- **DIRECTIONS**: In the records below, copy the line that contains "Context: Here $x_+=\max(x,0)$." and each line after it, word for word, through the last.
*** DATA ***
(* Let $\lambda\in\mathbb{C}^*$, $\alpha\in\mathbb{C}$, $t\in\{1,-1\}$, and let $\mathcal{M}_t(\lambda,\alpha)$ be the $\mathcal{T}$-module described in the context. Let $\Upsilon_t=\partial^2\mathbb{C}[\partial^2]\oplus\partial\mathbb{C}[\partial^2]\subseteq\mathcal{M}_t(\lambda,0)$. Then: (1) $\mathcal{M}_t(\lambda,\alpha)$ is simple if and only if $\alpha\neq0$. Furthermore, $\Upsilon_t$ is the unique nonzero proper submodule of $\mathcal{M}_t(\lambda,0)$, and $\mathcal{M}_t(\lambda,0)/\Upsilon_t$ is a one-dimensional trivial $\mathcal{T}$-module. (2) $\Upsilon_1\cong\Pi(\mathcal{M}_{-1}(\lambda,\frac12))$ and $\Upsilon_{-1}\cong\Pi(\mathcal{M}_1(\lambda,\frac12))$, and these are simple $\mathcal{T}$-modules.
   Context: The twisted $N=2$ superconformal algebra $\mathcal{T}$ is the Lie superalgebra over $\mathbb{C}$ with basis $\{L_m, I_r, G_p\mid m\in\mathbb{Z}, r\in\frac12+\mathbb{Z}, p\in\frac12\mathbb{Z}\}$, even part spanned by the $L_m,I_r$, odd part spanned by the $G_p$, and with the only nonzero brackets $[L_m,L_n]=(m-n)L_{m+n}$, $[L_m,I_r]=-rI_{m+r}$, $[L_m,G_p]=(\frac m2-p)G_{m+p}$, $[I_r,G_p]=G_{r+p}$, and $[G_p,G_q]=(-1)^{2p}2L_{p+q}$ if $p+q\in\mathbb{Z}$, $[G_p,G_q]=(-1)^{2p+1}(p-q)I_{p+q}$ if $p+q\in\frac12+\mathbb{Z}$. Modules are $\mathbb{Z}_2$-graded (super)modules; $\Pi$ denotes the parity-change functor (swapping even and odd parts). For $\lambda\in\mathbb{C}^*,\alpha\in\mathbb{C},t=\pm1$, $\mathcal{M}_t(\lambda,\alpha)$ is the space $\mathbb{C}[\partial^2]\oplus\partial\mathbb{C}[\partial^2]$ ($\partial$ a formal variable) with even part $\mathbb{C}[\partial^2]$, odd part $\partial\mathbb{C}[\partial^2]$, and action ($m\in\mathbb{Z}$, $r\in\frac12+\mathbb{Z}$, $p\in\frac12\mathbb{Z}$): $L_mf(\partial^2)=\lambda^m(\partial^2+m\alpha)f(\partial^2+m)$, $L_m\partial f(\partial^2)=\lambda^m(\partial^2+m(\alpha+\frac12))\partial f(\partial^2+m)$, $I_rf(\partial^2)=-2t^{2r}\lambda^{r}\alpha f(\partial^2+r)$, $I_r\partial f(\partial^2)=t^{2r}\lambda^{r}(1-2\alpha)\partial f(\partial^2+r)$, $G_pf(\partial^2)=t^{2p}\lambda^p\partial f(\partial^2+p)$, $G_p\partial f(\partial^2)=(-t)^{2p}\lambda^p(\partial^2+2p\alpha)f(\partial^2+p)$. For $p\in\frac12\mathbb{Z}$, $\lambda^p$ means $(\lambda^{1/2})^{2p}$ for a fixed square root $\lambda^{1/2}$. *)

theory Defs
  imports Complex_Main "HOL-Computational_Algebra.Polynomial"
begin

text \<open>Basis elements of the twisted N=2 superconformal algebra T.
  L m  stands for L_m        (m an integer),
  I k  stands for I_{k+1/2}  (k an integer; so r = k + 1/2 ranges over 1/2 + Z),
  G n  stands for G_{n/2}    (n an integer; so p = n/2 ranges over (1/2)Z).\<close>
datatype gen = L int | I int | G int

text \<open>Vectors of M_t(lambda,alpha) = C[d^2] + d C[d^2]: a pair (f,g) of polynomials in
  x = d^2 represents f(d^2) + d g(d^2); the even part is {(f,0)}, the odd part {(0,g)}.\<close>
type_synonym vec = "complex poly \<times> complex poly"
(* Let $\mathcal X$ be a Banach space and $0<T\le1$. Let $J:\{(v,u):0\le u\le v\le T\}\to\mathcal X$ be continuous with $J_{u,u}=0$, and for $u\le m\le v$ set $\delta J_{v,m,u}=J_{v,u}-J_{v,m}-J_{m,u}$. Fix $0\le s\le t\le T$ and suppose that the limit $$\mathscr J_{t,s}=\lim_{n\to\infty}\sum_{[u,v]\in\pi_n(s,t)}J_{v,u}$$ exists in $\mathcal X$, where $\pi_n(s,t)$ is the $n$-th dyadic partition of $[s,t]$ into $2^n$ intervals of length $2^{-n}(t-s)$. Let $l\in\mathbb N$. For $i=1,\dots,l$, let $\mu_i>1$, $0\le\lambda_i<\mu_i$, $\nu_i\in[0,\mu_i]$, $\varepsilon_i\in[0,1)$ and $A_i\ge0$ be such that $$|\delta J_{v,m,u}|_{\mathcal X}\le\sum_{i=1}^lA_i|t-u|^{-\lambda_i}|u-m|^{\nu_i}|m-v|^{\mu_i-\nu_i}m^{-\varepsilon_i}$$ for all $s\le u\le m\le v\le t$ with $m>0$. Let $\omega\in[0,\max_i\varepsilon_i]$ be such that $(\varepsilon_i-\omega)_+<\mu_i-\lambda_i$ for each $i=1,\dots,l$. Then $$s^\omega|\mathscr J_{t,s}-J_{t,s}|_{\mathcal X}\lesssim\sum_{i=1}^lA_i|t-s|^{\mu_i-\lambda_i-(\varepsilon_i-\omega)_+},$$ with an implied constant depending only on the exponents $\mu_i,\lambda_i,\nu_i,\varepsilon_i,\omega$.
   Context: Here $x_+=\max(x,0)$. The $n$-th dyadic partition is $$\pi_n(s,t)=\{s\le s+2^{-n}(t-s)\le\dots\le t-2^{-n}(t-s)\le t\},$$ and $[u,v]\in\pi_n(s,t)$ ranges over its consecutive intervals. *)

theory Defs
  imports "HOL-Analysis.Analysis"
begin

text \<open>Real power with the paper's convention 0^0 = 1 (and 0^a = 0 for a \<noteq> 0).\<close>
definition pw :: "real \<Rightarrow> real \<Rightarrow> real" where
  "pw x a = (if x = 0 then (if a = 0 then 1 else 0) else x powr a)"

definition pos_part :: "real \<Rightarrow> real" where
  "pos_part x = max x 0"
*** End of DATA ***
- **ANSWER TO THE EXERCISE**:
   Context: Here $x_+=\max(x,0)$. The $n$-th dyadic partition is $$\pi_n(s,t)=\{s\le s+2^{-n}(t-s)\le\dots\le t-2^{-n}(t-s)\le t\},$$ and $[u,v]\in\pi_n(s,t)$ ranges over its consecutive intervals. *)

theory Defs
  imports "HOL-Analysis.Analysis"
begin

text \<open>Real power with the paper's convention 0^0 = 1 (and 0^a = 0 for a \<noteq> 0).\<close>
definition pw :: "real \<Rightarrow> real \<Rightarrow> real" where
  "pw x a = (if x = 0 then (if a = 0 then 1 else 0) else x powr a)"

definition pos_part :: "real \<Rightarrow> real" where
  "pos_part x = max x 0"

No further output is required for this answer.